[[ DATASET ENTRIES open ]]
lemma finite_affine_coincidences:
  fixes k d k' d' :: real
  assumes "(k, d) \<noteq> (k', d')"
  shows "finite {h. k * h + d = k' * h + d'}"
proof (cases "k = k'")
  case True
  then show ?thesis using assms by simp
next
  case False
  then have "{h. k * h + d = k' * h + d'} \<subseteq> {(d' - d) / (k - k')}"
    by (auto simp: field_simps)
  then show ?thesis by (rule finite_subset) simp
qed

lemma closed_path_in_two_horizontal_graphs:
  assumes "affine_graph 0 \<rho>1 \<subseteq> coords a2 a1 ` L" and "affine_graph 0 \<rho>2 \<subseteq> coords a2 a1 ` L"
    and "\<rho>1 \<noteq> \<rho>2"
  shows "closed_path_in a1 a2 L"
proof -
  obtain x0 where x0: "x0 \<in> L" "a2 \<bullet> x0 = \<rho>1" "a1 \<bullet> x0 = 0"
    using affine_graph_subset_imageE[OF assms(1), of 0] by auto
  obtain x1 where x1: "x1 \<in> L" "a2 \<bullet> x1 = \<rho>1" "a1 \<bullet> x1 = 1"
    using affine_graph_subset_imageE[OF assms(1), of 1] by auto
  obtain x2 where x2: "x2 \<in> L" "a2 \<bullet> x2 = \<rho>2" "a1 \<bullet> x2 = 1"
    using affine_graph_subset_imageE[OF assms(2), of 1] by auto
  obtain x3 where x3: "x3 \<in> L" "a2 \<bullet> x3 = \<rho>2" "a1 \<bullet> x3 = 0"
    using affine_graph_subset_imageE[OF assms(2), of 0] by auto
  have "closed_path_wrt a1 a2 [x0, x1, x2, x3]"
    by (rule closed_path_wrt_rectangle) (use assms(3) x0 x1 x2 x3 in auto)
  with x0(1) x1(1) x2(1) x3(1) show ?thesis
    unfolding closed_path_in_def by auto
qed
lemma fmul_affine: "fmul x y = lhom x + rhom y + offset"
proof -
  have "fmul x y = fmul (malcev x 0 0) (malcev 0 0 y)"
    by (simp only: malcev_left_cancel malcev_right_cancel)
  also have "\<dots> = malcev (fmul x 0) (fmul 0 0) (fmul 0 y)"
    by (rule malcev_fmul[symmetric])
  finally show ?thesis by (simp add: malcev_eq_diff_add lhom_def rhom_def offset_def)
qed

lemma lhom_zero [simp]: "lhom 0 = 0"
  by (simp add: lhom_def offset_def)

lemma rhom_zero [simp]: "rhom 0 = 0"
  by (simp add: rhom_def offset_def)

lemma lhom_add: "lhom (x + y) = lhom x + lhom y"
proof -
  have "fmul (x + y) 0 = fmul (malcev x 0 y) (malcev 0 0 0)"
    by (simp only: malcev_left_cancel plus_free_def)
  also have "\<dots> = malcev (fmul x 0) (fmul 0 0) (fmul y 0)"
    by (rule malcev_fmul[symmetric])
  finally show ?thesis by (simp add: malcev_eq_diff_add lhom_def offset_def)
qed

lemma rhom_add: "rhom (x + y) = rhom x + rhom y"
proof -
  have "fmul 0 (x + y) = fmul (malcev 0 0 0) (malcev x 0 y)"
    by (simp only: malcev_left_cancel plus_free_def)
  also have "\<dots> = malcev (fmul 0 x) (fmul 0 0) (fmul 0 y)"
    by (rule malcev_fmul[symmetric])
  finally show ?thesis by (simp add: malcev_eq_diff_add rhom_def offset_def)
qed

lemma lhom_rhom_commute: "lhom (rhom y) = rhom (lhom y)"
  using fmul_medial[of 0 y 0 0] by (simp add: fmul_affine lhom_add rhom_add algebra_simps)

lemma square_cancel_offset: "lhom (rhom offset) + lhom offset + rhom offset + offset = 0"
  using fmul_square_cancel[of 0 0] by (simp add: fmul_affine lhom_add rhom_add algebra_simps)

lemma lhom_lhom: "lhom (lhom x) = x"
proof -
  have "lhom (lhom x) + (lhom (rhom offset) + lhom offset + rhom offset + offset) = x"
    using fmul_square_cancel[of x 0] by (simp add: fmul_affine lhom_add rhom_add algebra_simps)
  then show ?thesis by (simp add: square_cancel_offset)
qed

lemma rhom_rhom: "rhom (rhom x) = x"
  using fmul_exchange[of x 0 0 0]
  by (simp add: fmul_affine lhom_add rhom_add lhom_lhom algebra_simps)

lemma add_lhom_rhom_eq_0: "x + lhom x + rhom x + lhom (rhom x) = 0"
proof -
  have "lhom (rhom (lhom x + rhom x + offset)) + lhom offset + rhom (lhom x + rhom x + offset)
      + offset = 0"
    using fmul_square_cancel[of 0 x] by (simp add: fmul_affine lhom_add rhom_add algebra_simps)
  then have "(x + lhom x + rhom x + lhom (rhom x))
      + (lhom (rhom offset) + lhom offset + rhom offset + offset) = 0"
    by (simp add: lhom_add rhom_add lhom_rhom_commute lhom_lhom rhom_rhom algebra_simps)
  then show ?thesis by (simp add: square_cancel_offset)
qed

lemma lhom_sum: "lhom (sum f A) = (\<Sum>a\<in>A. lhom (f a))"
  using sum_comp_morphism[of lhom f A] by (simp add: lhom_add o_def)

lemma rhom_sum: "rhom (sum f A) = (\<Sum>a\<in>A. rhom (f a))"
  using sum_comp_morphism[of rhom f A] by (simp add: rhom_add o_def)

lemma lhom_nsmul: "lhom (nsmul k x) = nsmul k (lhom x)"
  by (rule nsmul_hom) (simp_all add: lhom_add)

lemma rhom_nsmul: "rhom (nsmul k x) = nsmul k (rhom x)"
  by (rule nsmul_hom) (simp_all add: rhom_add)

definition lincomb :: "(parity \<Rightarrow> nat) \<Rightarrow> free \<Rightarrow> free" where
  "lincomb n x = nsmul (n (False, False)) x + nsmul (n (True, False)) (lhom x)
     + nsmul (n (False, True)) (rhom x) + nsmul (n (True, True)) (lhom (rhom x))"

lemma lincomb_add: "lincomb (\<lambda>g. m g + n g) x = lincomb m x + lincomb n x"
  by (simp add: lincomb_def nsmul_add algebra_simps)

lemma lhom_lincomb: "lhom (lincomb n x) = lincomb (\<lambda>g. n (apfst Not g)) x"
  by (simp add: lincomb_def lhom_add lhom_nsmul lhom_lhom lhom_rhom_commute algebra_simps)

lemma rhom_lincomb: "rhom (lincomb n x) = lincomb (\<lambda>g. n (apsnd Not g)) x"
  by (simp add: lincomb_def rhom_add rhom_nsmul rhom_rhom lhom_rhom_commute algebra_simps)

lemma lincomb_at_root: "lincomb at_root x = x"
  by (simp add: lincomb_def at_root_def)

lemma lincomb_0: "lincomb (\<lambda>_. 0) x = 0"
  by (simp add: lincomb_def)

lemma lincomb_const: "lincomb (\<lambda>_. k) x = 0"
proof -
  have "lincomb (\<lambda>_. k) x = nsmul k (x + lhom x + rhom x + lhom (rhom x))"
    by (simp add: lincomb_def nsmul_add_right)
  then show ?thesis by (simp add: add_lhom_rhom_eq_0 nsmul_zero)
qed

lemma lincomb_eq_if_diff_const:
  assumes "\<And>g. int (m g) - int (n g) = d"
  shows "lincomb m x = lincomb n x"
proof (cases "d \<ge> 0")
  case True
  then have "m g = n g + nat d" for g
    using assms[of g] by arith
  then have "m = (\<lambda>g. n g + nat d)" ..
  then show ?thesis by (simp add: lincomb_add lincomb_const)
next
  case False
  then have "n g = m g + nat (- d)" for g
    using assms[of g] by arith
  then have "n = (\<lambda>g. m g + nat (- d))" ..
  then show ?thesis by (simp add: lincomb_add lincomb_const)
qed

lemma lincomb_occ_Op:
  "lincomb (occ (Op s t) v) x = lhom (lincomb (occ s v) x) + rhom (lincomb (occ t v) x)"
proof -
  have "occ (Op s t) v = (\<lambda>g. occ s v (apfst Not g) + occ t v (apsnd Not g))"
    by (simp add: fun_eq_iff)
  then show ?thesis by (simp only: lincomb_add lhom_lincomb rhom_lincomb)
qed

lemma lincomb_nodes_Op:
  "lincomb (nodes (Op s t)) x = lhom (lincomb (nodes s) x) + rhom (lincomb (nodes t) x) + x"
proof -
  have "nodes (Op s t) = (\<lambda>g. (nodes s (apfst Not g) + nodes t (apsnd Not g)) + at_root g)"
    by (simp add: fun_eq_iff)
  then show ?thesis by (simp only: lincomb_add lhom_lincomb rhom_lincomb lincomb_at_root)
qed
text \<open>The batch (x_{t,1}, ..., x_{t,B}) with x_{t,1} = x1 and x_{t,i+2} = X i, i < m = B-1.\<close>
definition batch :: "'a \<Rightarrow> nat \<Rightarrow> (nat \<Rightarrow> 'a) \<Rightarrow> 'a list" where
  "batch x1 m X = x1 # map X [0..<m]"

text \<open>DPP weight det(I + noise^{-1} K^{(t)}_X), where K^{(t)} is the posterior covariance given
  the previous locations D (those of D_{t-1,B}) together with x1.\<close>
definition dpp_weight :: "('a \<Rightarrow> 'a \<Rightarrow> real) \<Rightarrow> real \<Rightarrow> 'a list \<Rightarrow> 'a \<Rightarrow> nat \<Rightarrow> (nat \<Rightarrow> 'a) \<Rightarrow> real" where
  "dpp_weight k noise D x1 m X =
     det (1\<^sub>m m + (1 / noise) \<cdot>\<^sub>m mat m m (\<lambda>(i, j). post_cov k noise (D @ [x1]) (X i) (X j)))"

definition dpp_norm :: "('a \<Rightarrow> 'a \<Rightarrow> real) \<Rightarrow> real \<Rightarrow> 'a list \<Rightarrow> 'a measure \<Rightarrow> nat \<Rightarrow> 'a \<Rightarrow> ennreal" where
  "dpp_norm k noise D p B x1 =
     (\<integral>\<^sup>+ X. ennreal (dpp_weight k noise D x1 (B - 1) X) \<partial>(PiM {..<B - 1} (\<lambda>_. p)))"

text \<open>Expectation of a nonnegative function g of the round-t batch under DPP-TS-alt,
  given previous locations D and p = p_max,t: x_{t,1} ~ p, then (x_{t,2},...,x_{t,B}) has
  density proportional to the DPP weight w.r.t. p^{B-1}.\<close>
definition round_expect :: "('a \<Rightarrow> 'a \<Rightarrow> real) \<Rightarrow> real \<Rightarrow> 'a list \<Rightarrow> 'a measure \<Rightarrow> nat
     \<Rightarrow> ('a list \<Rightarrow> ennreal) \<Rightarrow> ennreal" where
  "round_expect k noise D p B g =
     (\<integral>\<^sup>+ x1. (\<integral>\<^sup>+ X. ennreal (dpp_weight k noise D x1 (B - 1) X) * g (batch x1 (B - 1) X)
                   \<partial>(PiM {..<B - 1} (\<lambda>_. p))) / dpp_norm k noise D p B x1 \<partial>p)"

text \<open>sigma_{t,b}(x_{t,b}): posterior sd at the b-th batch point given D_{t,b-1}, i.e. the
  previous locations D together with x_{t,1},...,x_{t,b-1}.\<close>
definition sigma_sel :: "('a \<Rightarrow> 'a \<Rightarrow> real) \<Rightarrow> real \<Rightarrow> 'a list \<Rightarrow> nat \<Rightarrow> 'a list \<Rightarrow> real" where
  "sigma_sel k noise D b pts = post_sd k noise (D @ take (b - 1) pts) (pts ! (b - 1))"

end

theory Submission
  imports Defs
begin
[[ DATASET ENTRIES closed ]]
**PROBLEM DESCRIPTION:** From the records above, extract exactly and only the lines that begin at the line with "0 \<rho>1 \<subseteq>" and stop after the line with "using affine_graph_subset_imageE[OF assms(2), of 1]".

**YOUR SOLUTION:**
  assumes "affine_graph 0 \<rho>1 \<subseteq> coords a2 a1 ` L" and "affine_graph 0 \<rho>2 \<subseteq> coords a2 a1 ` L"
    and "\<rho>1 \<noteq> \<rho>2"
  shows "closed_path_in a1 a2 L"
proof -
  obtain x0 where x0: "x0 \<in> L" "a2 \<bullet> x0 = \<rho>1" "a1 \<bullet> x0 = 0"
    using affine_graph_subset_imageE[OF assms(1), of 0] by auto
  obtain x1 where x1: "x1 \<in> L" "a2 \<bullet> x1 = \<rho>1" "a1 \<bullet> x1 = 1"
    using affine_graph_subset_imageE[OF assms(1), of 1] by auto
  obtain x2 where x2: "x2 \<in> L" "a2 \<bullet> x2 = \<rho>2" "a1 \<bullet> x2 = 1"
    using affine_graph_subset_imageE[OF assms(2), of 1] by auto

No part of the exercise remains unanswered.